An implementation of Conway's Game of Life
This page is about Tony Finch's implementation of Conway's Game of Life. If you're looking for background information or interesting patterns then see elsewhere. The description below includes a number of links into a cvsweb view of the code's history.
I spent a fair amount of time when at school playing with various implementations of Life, all of them based around a 2D array of cell states. None of them were very fast - I didn't even use clever techniques like the parallel bitwise adder that I'll explain below.
Some time during my Gap Year in 1994 I came across a new approach to implementing life that surprised me by its swiftness. The universe is represented as an array of the co-ordinates of the live cells in scan-line order. This is scanned by three pointers, for the current row and the rows above and below. The neighbourhood of the current cell is determined by examining the co-ordinates at and before and after each pointer, and if appropriate the co-ordinates of a live cell are written to the destination array. This algorithm makes it easy to skip past empty space, which is what makes it fast.
When I implemented this algorithm in June 1994, I added a couple of optimisations:
One of the interesting parts of the algorithm is working out at the
start of each row which of this row and the rows above and below
contain live cells, and are therefore present in the array and should
be scanned. Empty rows cause the pointers to catch up with each other
since there are no co-ordinates in the array to keep them apart. The
old implementation made the decision by keeping track of the current Y
co-ordinate. It turns out that this isn't necessary - the current Y
co-ordinate can be worked out from the relative positions of the three
scanning pointers. You can see this in
The algorithm in the previous section is serial - it handles one cell at a time. In order to make it faster it needs some parallelism. I provided for this by augmenting the data structure so that each X co-ordinate is folloed by a linear bitmap of the cells at that position.
Keeping the single shift register containing the neighbourhood bitmap means a 32 bit machine only has space for 4 cells at each position. The neighbouhood bitmap needs 3x4 bits for the forward cells, 3x4 bits for the middle cells, and 3 bits for the rear cells. (The other 3x3 bits of the rear bitmaps aren't needed after we have moved on.) This is 27 bits, 18 of which form an index into a 256K lookup table containing the 4 bit state in the next generation. As the neighbourhood bitmap gets bigger the lookup table becomes awkwardly large.
Instead, I split the neighbourhood bitmap into three shift
registers, for the current row and the rows above and below. The next
generation's bitmap is then computed in two stages: calculate in
the neighbourhood counts for the cells by adding together the result
of three table lookups (one for each row); then do a table lookup to
turn the neighbourhood counts into the result bitmap (actually more
than one lookup to control the table size). On a 32 bit machine this
allows 8 way parallelism, because the neighbourhood counts require 4
bits each. The first stage uses two 4K lookup tables, one for the
current row and one for the rows above and below, each containing 1024
entries of 32 bits. These tables are similar to the ones used by XLife,
apart from a trick: we add 7 to represent a live current cell instead
of 9, in order to fit the count into 4 bits. This works because a live
cell with 0 or 1 neigbours is dead in the next generation, as is a
dead cell with 7 or 8 neighbours. (XLife doesn't add anything for a
live current cell.) You can see an implementation of this scheme in
Eight-way parallelism is a bit stingy. The three shift registers actually have space for 15 cell bitmaps (forward bitmap plus middle bitmap plus one bit from the rear bitmap). However lookup tables become impractical. An alternative way of counting the neighbours of many cells in parallel is required.
This is based on using bitwise boolean operators to implement a
parallel adder, so that one register is used to hold bit 0 of 32
neighbour counts and another contains bit 1 of 32 counts, and another
contains bit 2. The program can apply the boolean formula for a full
adder to three bitmaps to get two words containing bit 0 and bit 1 of
the neighbourhood count.
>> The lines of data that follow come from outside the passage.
(* Fix $\lambda\ge0$, $n,m\ge1$, $N=n+m$, points $Z_1,\dots,Z_N\in\mathcal Z=\mathcal X\times\mathcal W$ and responses $Y_1,\dots,Y_n$. In the setting and notation described in the context (Hilbert space $\bar{\mathcal K}$ with inner product $\langle\cdot,\cdot\rangle_\star$, embedded dictionaries $\mathcal D_f^\star,\mathcal D_g^\star$, and the iterates of Algorithm 1), for every $k\ge1$, $$A_k:=\sup_{a\in\mathcal D_f^\star}\langle r_k,a\rangle_\star\le R_\lambda\alpha_k,\qquad B_k:=\sup_{b\in\mathcal D_g^\star}\langle r_k,b\rangle_\star\le R_\lambda\alpha_k+R_\lambda\beta_k,$$ where $R_\lambda=\max\{1,\sqrt\lambda\}$.
   Context: Let $\hat P^{(1)}=\frac1N\sum_{i=1}^n\delta_{Z_i}$, $\hat P^{(2)}=\frac1N\sum_{j=n+1}^N\delta_{Z_j}$, $\hat P^{(3)}=\lambda\hat P^{(1)}$, and $\hat P_N^Z=\hat P^{(1)}+\hat P^{(2)}$. For pairs $u=(u_1,u_2)$, $v=(v_1,v_2)$ of real functions on $\{Z_1,\dots,Z_N\}$ define $\langle u,v\rangle_\star=\langle u_1,v_1\rangle_{L^2(\hat P^{(1)})}+\langle u_1-u_2,v_1-v_2\rangle_{L^2(\hat P^{(2)})}+\langle u_2,v_2\rangle_{L^2(\hat P^{(3)})}$; this is positive semidefinite, and $\bar{\mathcal K}$ is the quotient by its null space (all projections, norms $\|\cdot\|_\star$, orthogonality below are in $\bar{\mathcal K}$). Let $Y$ be any extension of the labels to all $N$ points and $T=(Y,Y)$. Let $\mathcal D_f$ be a finite dictionary of functions of $x$ (viewed on $\mathcal Z$) and $\mathcal D_g$ a finite dictionary of functions on $\mathcal Z$, all with $\|\cdot\|_{L^2(\hat P_N^Z)}\le1$; set $\mathcal D_f^\star=\{(\psi,0):\psi\in\mathcal D_f\}$, $\mathcal D_g^\star=\{(0,\phi):\phi\in\mathcal D_g\}$, and assume $\mathcal D_f^\star\cup\mathcal D_g^\star$ is closed under negation. Algorithm 1: set $(f_0,g_0)=(0,0)$, $S_0^f=S_0^g=\{0\}$; for $k=1,2,\dots$: $r_k=T-(f_{k-1},g_{k-1})$; choose $\psi_k^\star=(\psi_k,0)\in\arg\max\{\langle r_k,\Pi^\perp_{S_{k-1}^f}a\rangle_\star/\|\Pi^\perp_{S_{k-1}^f}a\|_\star: a\in\mathcal D_f^\star,\ \|\Pi^\perp_{S_{k-1}^f}a\|_\star>0\}$; set $S_k^f=\mathrm{span}(\psi_1^\star,\dots,\psi_k^\star)$, $(f_k,g_{k-1})=(f_{k-1},g_{k-1})+\Pi_{S_k^f}r_k$, $r_k^{(g)}=r_k-\Pi_{S_k^f}r_k$; choose $\phi_k^\star=(0,\phi_k)\in\arg\max\{\langle r_k^{(g)},\Pi^\perp_{S_{k-1}^g}b\rangle_\star/\|\Pi^\perp_{S_{k-1}^g}b\|_\star: b\in\mathcal D_g^\star,\ \|\Pi^\perp_{S_{k-1}^g}b\|_\star>0\}$; set $S_k^g=\mathrm{span}(\phi_1^\star,\dots,\phi_k^\star)$ and $(f_k,g_k)=(f_k,g_{k-1})+\Pi_{S_k^g}r_k^{(g)}$. Here $\Pi_S$, $\Pi_S^\perp$ are orthogonal projections onto $S$ and its orthogonal complement. Define $\alpha_k=\|\Pi_{S_k^f}r_k\|_\star$ and $\beta_k=\|\Pi_{S_k^g}r_k^{(g)}\|_\star$. *)

theory Defs
  imports "HOL-Analysis.Analysis"
begin

text \<open>Elements of the (pre-)Hilbert space: pairs u = (u1,u2) of real functions on the
sample space 'z.  Only their values at the sample points Z 0, ..., Z (N-1) matter.
The first n points are the labelled ones (hat P^(1)), the points n..N-1 are the
unlabelled ones (hat P^(2)), and hat P^(3) = lam * hat P^(1).\<close>

type_synonym 'z elt = "('z \<Rightarrow> real) \<times> ('z \<Rightarrow> real)"

definition padd :: "'z elt \<Rightarrow> 'z elt \<Rightarrow> 'z elt" where
  "padd u v = ((\<lambda>z. fst u z + fst v z), (\<lambda>z. snd u z + snd v z))"

definition psub :: "'z elt \<Rightarrow> 'z elt \<Rightarrow> 'z elt" where
  "psub u v = ((\<lambda>z. fst u z - fst v z), (\<lambda>z. snd u z - snd v z))"

definition pzero :: "'z elt" where
  "pzero = ((\<lambda>z. 0), (\<lambda>z. 0))"

definition ipS :: "nat \<Rightarrow> nat \<Rightarrow> real \<Rightarrow> (nat \<Rightarrow> 'z) \<Rightarrow> 'z elt \<Rightarrow> 'z elt \<Rightarrow> real" where
  "ipS n N lam Z u v =
     (1 / real N) * (\<Sum>i<n. fst u (Z i) * fst v (Z i))
   + (1 / real N) * (\<Sum>j\<in>{n..<N}. (fst u (Z j) - snd u (Z j)) * (fst v (Z j) - snd v (Z j)))
   + lam * ((1 / real N) * (\<Sum>i<n. snd u (Z i) * snd v (Z i)))"

definition normS :: "nat \<Rightarrow> nat \<Rightarrow> real \<Rightarrow> (nat \<Rightarrow> 'z) \<Rightarrow> 'z elt \<Rightarrow> real" where
  "normS n N lam Z u = sqrt (ipS n N lam Z u u)"

definition lincomb :: "(nat \<Rightarrow> real) \<Rightarrow> 'z elt list \<Rightarrow> 'z elt" where
  "lincomb c vs = ((\<lambda>z. \<Sum>i<length vs. c i * fst (vs ! i) z),
                   (\<lambda>z. \<Sum>i<length vs. c i * snd (vs ! i) z))"

definition spanL :: "'z elt list \<Rightarrow> 'z elt set" where
  "spanL vs = {p. \<exists>c. p = lincomb c vs}"

text \<open>In the quotient space this is unique; we pick a
representative.\<close>
definition isProj :: "nat \<Rightarrow> nat \<Rightarrow> real \<Rightarrow> (nat \<Rightarrow> 'z) \<Rightarrow> 'z elt set \<Rightarrow> 'z elt \<Rightarrow> 'z elt \<Rightarrow> bool" where
  "isProj n N lam Z S r p \<longleftrightarrow> p \<in> S \<and> (\<forall>s\<in>S. ipS n N lam Z (psub r p) s = 0)"

definition projS :: "nat \<Rightarrow> nat \<Rightarrow> real \<Rightarrow> (nat \<Rightarrow> 'z) \<Rightarrow> 'z elt set \<Rightarrow> 'z elt \<Rightarrow> 'z elt" where
  "projS n N lam Z S r = (SOME p. isProj n N lam Z S r p)"

definition perpS :: "nat \<Rightarrow> nat \<Rightarrow> real \<Rightarrow> (nat \<Rightarrow> 'z) \<Rightarrow> 'z elt set \<Rightarrow> 'z elt \<Rightarrow> 'z elt" where
  "perpS n N lam Z S r = psub r (projS n N lam Z S r)"

definition embF :: "('x \<Rightarrow> real) \<Rightarrow> ('x \<times> 'w) elt" where
  "embF \<psi> = ((\<lambda>z. \<psi> (fst z)), (\<lambda>z. 0))"

definition embG :: "('x \<times> 'w \<Rightarrow> real) \<Rightarrow> ('x \<times> 'w) elt" where
  "embG \<phi> = ((\<lambda>z. 0), \<phi>)"

definition L2PN_sq :: "nat \<Rightarrow> (nat \<Rightarrow> 'z) \<Rightarrow> ('z \<Rightarrow> real) \<Rightarrow> real" where
  "L2PN_sq N Z h = (1 / real N) * (\<Sum>i<N. (h (Z i))^2)"

definition ratioS :: "nat \<Rightarrow> nat \<Rightarrow> real \<Rightarrow> (nat \<Rightarrow> 'z) \<Rightarrow> 'z elt set \<Rightarrow> 'z elt \<Rightarrow> 'z elt \<Rightarrow> real" where
  "ratioS n N lam Z S r a =
     ipS n N lam Z r (perpS n N lam Z S a) / normS n N lam Z (perpS n N lam Z S a)"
More full and half adders combine to produce
the final sum, as can be seen in
The final part of the computation uses a couple of tricks. It doesn't
bother computing bit 3 of the neighbour sum (which is only set when
there are eight neighbours); instead it ends up with two different bit
2 registers. If either of them is set the neighbour count is too large
and the cell is dead in the next generation. The other trick is to OR
state of the cells under consideration into the neighbourhood count to
simplify the rules. Cells only exist in the next generation if the
count is three, because
0 OR 3 == 3 and
1 OR 3 ==
1 OR 2 == 3. This technique was described in
an article by
in the January 1979 issue of BYTE magazine.
One problem with this version is that 15 cell bitmaps are an
inconvenient size, e.g. if you want to stuff them into image data for
display purposes. It's also not using all the available parallelism
and wasting memory. These problems can be fixed by replacing the three
shift registers with nine registers, three for the forward, middle,
and rear bitmaps in each of the three rows under consideration.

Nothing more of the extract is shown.